*Available data*
* * * * * * *
lemma simplex_excess_pos_imp_above:
  assumes "0 < simplex_excess n y t"
  obtains i where "i < n" "t < y i"
proof -
  have "\<not> (\<forall>i<n. y i \<le> t)"
  proof
    assume "\<forall>i<n. y i \<le> t"
    then have "simplex_excess n y t = 0"
      unfolding simplex_excess_def by (intro sum.neutral) auto
    with assms show False by simp
  qed
  with that show thesis by (auto simp: not_le)
qed

lemma simplex_excess_strict_antimono:
  assumes "t < s" "i < n" "t < y i"
  shows "simplex_excess n y s < simplex_excess n y t"
  unfolding simplex_excess_def
proof (rule sum_strict_mono_ex1)
  show "\<exists>a\<in>{..<n}. max (y a - s) 0 < max (y a - t) 0"
    using assms by (intro bexI[of _ i]) auto
qed (use assms in \<open>auto simp: max_def\<close>)

lemma simplex_excess_threshold:
  assumes "0 < n" "0 < C"
  shows "simplex_excess n y (simplex_threshold n C y) = C"
proof -
  let ?t = "simplex_threshold n C y"
  obtain S where S: "S \<subseteq> {..<n}" "S \<noteq> {}" "(\<Sum>i\<in>S. y i) - C = real (card S) * ?t"
    using simplex_threshold_attained[OF assms(1)] by blast
  have "C = (\<Sum>i\<in>S. y i - ?t)"
    using S(3) by (simp add: sum_subtractf)
  also have "\<dots> \<le> (\<Sum>i\<in>S. max (y i - ?t) 0)"
    by (intro sum_mono) auto
  also have "\<dots> \<le> simplex_excess n y ?t"
    unfolding simplex_excess_def using S(1) by (intro sum_mono2) auto
  finally have ge: "C \<le> simplex_excess n y ?t" .
  define A where "A = {i. i < n \<and> ?t < y i}"
  have "simplex_excess n y ?t = (\<Sum>i\<in>A. max (y i - ?t) 0)"
    unfolding simplex_excess_def A_def by (rule sum.mono_neutral_right) auto
  also have "\<dots> = (\<Sum>i\<in>A. y i - ?t)"
    unfolding A_def by (intro sum.cong) auto
  also have "\<dots> = (\<Sum>i\<in>A. y i) - real (card A) * ?t"
    by (simp add: sum_subtractf)
  also have "\<dots> \<le> C"
  proof -
    have "0 < simplex_excess n y ?t" using ge assms(2) by linarith
    then obtain i where "i < n" "?t < y i" by (rule simplex_excess_pos_imp_above)
    then have "A \<noteq> {}" unfolding A_def by blast
    moreover have "A \<subseteq> {..<n}" unfolding A_def by auto
    ultimately show ?thesis using simplex_threshold_ge[of A n y C] by simp
  qed
  finally show ?thesis using ge by simp
qed

lemma simplex_threshold_unique:
  assumes "0 < n" "0 < C" "simplex_excess n y t = C"
  shows "t = simplex_threshold n C y"
proof (rule ccontr)
  let ?t = "simplex_threshold n C y"
  have excess: "simplex_excess n y ?t = C"
    by (rule simplex_excess_threshold[OF assms(1,2)])
  assume "t \<noteq> ?t"
  then consider "t < ?t" | "?t < t" by linarith
  then show False
  proof cases
    case 1
    have "0 < simplex_excess n y ?t" using excess assms(2) by simp
    then obtain i where "i < n" "?t < y i" by (rule simplex_excess_pos_imp_above)
    with 1 have "simplex_excess n y ?t < simplex_excess n y t"
      by (intro simplex_excess_strict_antimono) auto
    with excess assms(3) show False by simp
  next
    case 2
    have "0 < simplex_excess n y t" using assms(2,3) by simp
    then obtain i where "i < n" "t < y i" by (rule simplex_excess_pos_imp_above)
    with 2 have "simplex_excess n y t < simplex_excess n y ?t"
      by (intro simplex_excess_strict_antimono) auto
    with excess assms(3) show False by simp
  qed
qed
* * * * * * *
*Your objective*
Write out every line of the data again, exactly as it reads.

*Your response*
lemma simplex_excess_pos_imp_above:
  assumes "0 < simplex_excess n y t"
  obtains i where "i < n" "t < y i"
proof -
  have "\<not> (\<forall>i<n. y i \<le> t)"
  proof
    assume "\<forall>i<n. y i \<le> t"
    then have "simplex_excess n y t = 0"
      unfolding simplex_excess_def by (intro sum.neutral) auto
    with assms show False by simp
  qed
  with that show thesis by (auto simp: not_le)
qed

lemma simplex_excess_strict_antimono:
  assumes "t < s" "i < n" "t < y i"
  shows "simplex_excess n y s < simplex_excess n y t"
  unfolding simplex_excess_def
proof (rule sum_strict_mono_ex1)
  show "\<exists>a\<in>{..<n}. max (y a - s) 0 < max (y a - t) 0"
    using assms by (intro bexI[of _ i]) auto
qed (use assms in \<open>auto simp: max_def\<close>)

lemma simplex_excess_threshold:
  assumes "0 < n" "0 < C"
  shows "simplex_excess n y (simplex_threshold n C y) = C"
proof -
  let ?t = "simplex_threshold n C y"
  obtain S where S: "S \<subseteq> {..<n}" "S \<noteq> {}" "(\<Sum>i\<in>S. y i) - C = real (card S) * ?t"
    using simplex_threshold_attained[OF assms(1)] by blast
  have "C = (\<Sum>i\<in>S. y i - ?t)"
    using S(3) by (simp add: sum_subtractf)
  also have "\<dots> \<le> (\<Sum>i\<in>S. max (y i - ?t) 0)"
    by (intro sum_mono) auto
  also have "\<dots> \<le> simplex_excess n y ?t"
    unfolding simplex_excess_def using S(1) by (intro sum_mono2) auto
  finally have ge: "C \<le> simplex_excess n y ?t" .
  define A where "A = {i. i < n \<and> ?t < y i}"
  have "simplex_excess n y ?t = (\<Sum>i\<in>A. max (y i - ?t) 0)"
    unfolding simplex_excess_def A_def by (rule sum.mono_neutral_right) auto
  also have "\<dots> = (\<Sum>i\<in>A. y i - ?t)"
    unfolding A_def by (intro sum.cong) auto
  also have "\<dots> = (\<Sum>i\<in>A. y i) - real (card A) * ?t"
    by (simp add: sum_subtractf)
  also have "\<dots> \<le> C"
  proof -
    have "0 < simplex_excess n y ?t" using ge assms(2) by linarith
    then obtain i where "i < n" "?t < y i" by (rule simplex_excess_pos_imp_above)
    then have "A \<noteq> {}" unfolding A_def by blast
    moreover have "A \<subseteq> {..<n}" unfolding A_def by auto
    ultimately show ?thesis using simplex_threshold_ge[of A n y C] by simp
  qed
  finally show ?thesis using ge by simp
qed

lemma simplex_threshold_unique:
  assumes "0 < n" "0 < C" "simplex_excess n y t = C"
  shows "t = simplex_threshold n C y"
proof (rule ccontr)
  let ?t = "simplex_threshold n C y"
  have excess: "simplex_excess n y ?t = C"
    by (rule simplex_excess_threshold[OF assms(1,2)])
  assume "t \<noteq> ?t"
  then consider "t < ?t" | "?t < t" by linarith
  then show False
  proof cases
    case 1
    have "0 < simplex_excess n y ?t" using excess assms(2) by simp
    then obtain i where "i < n" "?t < y i" by (rule simplex_excess_pos_imp_above)
    with 1 have "simplex_excess n y ?t < simplex_excess n y t"
      by (intro simplex_excess_strict_antimono) auto
    with excess assms(3) show False by simp
  next
    case 2
    have "0 < simplex_excess n y t" using assms(2,3) by simp
    then obtain i where "i < n" "t < y i" by (rule simplex_excess_pos_imp_above)
    with 2 have "simplex_excess n y t < simplex_excess n y ?t"
      by (intro simplex_excess_strict_antimono) auto
    with excess assms(3) show False by simp
  qed
qed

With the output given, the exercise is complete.